At least 6% of global fishing is ‘likely illegal’ as ships turn off trackers | fishing

A new study reveals that up to 6% of global fishing activity is hidden because merchant ships disable their tracking systems, a practice that can be used to conceal illegal fishing.

Ships use Automatic Identification Systems (AIS), tracking beacons that enable them to locate them on global shipping maps. The researchers applied the machine learning algorithm to a data set of fishing vessel activity collected by the non-profit organization Global Fishing Watch, which included more than 3.7 billion AIS messages from fishing vessels between 2017 and 2019.

They discovered geographic hotspots for ships disabling their trackers, including West Africa, the Argentine coast and the northwest Pacific – suggesting that these are the locations where illegal, unreported and unregulated (IUU) fishing is likely to occur.

Illustration: Global Fishing Watch

Illegal, unreported and unregulated fishing accounts for a fifth of global catches, causing economic losses of up to $23.5 billion (£20 billion) annually. It is the third most profitable natural resource crime after timber and mining. It is also a major driver of marine ecosystem destruction and has been linked to human rights abuses.

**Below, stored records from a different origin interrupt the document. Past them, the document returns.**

definition wef :: "('i \<Rightarrow> nat) \<Rightarrow> ('i \<Rightarrow> nat) \<Rightarrow> 'i \<Rightarrow> nat \<Rightarrow> nat" where
  "wef e f a i = (if 1 \<le> i \<and> i \<le> e a then i + f a
                  else if e a < i \<and> i \<le> e a + f a then i - e a else i)"

end

theory Submission
  imports Defs
begin

text \<open>
  Both parts are coordinate computations. The permutation \<open>w_{e,f}\<close> has inverse
  \<open>w_{f,e}\<close>, which moves an index \<open>k\<close> at vertex \<open>a\<close> up by \<open>e a\<close> if \<open>k \<le> f a\<close> and down
  by \<open>f a\<close> otherwise. As \<open>\<rho>\<close> has coordinate \<open>(d a + 1 - 2 k) / 2\<close>, the coordinate of
  \<open>w_{e,f} \<rho> - \<rho>\<close> is \<open>-e a\<close> resp. \<open>f a\<close>. The same values arise from \<open>-2 \<rho>_{f,e}\<close>,
  because the positive roots negative for \<open>\<lambda>_{f,e}\<close> are the \<open>\<beta>(a, i) - \<beta>(a, j)\<close> with
  \<open>i \<le> f a < j\<close>.

  The weights of an arrow \<open>a\<close> negative for \<open>\<lambda>_{f,e}\<close> are the \<open>\<beta>(tgt a, j) - \<beta>(src a, i)\<close>
  with \<open>j \<le> f (tgt a)\<close> and \<open>i > f (src a)\<close>. Applying \<open>-w_{f,e}\<close> gives
  \<open>\<beta>(src a, i - f (src a)) - \<beta>(tgt a, j + e (tgt a))\<close>, which is negative for \<open>\<lambda>_{e,f}\<close> and
  is a weight of any arrow from \<open>tgt a\<close> to \<open>src a\<close>. Since the quiver is symmetric, some
  bijection of the arrows reverses every arrow, and it turns this correspondence into a
  bijection between the index sets of the two multisets.
\<close>

lemma finite_idx: "finite I \<Longrightarrow> finite (idx I d)"
  by (rule finite_subset[of _ "Sigma I (\<lambda>a. {1..d a})"]) (auto simp: idx_def)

“This is the first time that intentional AIS disruption has been quantified and mapped on a global scale,” said report author Heather Welch, a spatial ecologist at the University of California, Santa Cruz. “Before this work, we did not have an understanding of the scale of the disruption problem, where it occurs, who does it and why they do it.”

They found that AIS disruption is a risk factor for “two common behaviors: fishing at unauthorized sites and unauthorized transshipments,” said Welch, whose research was affiliated with the National Oceanic and Atmospheric Administration (NOAA) and the Southwest Fisheries Science Center.

Welch said transshipment — the unloading of goods from one ship to another — can be used to wash illegally caught seafood up the supply chain, and has been linked to forced labor and human trafficking. It added that transit transport and illegal fishing have an environmental cost, and hurt national revenues and jobs.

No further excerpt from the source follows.